_PROBLEM TO SOLVE_.
Everything from the line containing "add: exp_of_nat_mult[symmetric] mult.commute)" through the last line of the data below must be copied exactly, with no other lines included.

_RECORDS FOR THIS EXERCISE_.
***
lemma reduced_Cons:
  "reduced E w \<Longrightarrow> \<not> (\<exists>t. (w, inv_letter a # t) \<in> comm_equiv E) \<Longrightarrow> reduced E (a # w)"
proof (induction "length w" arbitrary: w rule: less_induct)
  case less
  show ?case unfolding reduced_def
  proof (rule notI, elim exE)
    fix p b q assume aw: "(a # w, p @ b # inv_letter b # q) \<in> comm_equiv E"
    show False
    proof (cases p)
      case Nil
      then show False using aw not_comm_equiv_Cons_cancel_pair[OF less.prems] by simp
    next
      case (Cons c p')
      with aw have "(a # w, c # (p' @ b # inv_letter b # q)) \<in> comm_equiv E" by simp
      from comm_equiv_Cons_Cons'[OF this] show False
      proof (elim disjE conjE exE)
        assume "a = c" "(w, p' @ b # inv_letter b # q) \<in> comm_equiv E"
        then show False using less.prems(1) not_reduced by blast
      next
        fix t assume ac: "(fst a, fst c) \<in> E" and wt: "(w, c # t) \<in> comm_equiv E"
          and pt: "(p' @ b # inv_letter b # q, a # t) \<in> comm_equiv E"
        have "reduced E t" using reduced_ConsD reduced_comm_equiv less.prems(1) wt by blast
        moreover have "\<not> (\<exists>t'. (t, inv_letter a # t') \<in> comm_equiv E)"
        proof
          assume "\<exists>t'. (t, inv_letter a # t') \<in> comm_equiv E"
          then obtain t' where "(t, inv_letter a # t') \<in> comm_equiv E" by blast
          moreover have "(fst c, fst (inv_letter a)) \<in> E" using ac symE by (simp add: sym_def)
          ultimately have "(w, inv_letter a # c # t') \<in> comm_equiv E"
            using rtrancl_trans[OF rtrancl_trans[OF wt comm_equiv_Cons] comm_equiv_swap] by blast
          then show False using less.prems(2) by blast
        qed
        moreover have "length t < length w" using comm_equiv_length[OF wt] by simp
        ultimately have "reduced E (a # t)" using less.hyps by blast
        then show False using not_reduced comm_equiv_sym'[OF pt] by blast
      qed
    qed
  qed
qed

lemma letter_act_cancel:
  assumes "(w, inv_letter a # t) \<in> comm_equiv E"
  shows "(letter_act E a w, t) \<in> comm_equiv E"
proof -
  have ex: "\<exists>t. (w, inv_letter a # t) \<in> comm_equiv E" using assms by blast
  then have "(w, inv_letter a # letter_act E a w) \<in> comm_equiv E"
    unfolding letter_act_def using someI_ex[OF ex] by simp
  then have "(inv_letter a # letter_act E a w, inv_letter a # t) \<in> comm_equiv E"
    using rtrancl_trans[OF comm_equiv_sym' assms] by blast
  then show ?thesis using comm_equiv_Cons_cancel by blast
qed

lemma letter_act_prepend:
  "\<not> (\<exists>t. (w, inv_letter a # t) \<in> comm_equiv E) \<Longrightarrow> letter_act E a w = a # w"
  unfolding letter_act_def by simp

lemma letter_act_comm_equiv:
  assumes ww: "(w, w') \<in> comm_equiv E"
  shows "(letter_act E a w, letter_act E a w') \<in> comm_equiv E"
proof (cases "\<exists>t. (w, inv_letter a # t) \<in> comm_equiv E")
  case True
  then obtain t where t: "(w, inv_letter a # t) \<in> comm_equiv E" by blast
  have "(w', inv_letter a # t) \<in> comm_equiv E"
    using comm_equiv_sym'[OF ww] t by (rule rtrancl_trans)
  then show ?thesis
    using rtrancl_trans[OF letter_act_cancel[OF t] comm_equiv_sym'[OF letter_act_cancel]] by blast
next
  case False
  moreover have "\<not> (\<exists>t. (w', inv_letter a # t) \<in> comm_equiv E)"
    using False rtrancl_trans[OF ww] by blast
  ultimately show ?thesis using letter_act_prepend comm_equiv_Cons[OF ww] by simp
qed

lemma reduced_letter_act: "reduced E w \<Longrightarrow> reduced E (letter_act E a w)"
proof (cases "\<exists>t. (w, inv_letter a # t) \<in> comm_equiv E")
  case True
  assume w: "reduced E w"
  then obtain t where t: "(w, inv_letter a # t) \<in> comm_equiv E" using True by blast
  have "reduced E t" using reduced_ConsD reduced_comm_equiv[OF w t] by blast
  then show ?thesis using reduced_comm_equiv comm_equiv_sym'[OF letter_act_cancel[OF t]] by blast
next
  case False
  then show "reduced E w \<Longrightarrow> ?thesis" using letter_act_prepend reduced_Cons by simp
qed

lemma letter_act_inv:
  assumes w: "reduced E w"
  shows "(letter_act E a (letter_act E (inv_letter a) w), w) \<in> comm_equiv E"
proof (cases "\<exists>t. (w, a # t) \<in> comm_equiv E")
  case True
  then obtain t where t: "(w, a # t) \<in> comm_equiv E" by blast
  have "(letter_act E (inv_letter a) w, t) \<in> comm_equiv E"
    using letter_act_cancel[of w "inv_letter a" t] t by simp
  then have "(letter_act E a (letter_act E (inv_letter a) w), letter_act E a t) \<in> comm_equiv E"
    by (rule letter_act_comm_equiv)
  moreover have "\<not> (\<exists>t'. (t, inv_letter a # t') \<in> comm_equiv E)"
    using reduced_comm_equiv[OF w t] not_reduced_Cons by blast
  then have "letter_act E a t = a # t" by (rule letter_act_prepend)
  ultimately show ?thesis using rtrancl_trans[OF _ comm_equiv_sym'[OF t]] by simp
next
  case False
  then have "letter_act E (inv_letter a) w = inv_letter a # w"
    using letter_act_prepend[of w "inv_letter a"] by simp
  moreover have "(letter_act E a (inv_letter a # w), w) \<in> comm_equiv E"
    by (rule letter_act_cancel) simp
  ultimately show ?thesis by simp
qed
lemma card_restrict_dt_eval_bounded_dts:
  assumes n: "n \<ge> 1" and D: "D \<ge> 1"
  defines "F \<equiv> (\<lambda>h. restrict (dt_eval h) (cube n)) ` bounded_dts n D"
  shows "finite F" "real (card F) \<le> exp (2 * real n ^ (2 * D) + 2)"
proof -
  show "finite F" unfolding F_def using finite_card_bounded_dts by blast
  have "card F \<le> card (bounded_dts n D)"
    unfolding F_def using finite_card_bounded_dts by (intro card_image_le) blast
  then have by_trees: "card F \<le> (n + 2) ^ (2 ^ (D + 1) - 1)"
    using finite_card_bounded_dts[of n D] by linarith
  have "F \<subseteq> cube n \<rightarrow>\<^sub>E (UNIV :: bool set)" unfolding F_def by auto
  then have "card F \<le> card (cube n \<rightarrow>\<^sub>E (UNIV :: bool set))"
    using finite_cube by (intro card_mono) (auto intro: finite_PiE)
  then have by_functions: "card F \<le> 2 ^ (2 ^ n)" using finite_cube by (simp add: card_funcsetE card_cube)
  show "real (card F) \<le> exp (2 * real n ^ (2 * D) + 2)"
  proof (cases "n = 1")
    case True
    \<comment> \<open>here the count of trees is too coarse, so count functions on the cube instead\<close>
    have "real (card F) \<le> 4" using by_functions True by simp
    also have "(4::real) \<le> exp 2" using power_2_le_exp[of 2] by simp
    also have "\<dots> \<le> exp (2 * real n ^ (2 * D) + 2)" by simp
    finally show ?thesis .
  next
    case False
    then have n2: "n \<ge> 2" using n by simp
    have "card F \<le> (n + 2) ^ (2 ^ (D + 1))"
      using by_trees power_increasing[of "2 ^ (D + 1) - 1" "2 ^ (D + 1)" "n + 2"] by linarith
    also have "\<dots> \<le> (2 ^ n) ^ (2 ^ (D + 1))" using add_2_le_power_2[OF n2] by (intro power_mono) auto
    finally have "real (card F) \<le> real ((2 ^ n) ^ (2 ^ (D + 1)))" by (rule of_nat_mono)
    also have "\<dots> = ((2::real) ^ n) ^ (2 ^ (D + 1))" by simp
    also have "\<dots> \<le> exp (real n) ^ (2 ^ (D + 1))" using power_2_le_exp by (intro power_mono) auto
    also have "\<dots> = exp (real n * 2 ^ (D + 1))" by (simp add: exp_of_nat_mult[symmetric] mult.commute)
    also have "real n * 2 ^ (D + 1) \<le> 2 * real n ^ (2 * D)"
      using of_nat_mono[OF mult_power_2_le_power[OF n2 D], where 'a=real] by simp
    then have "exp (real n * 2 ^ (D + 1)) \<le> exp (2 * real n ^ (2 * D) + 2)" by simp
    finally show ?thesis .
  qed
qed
***
_RESULT OF THIS TASK_.
    also have "\<dots> = exp (real n * 2 ^ (D + 1))" by (simp add: exp_of_nat_mult[symmetric] mult.commute)
    also have "real n * 2 ^ (D + 1) \<le> 2 * real n ^ (2 * D)"
      using of_nat_mono[OF mult_power_2_le_power[OF n2 D], where 'a=real] by simp
    then have "exp (real n * 2 ^ (D + 1)) \<le> exp (2 * real n ^ (2 * D) + 2)" by simp
    finally show ?thesis .
  qed
qed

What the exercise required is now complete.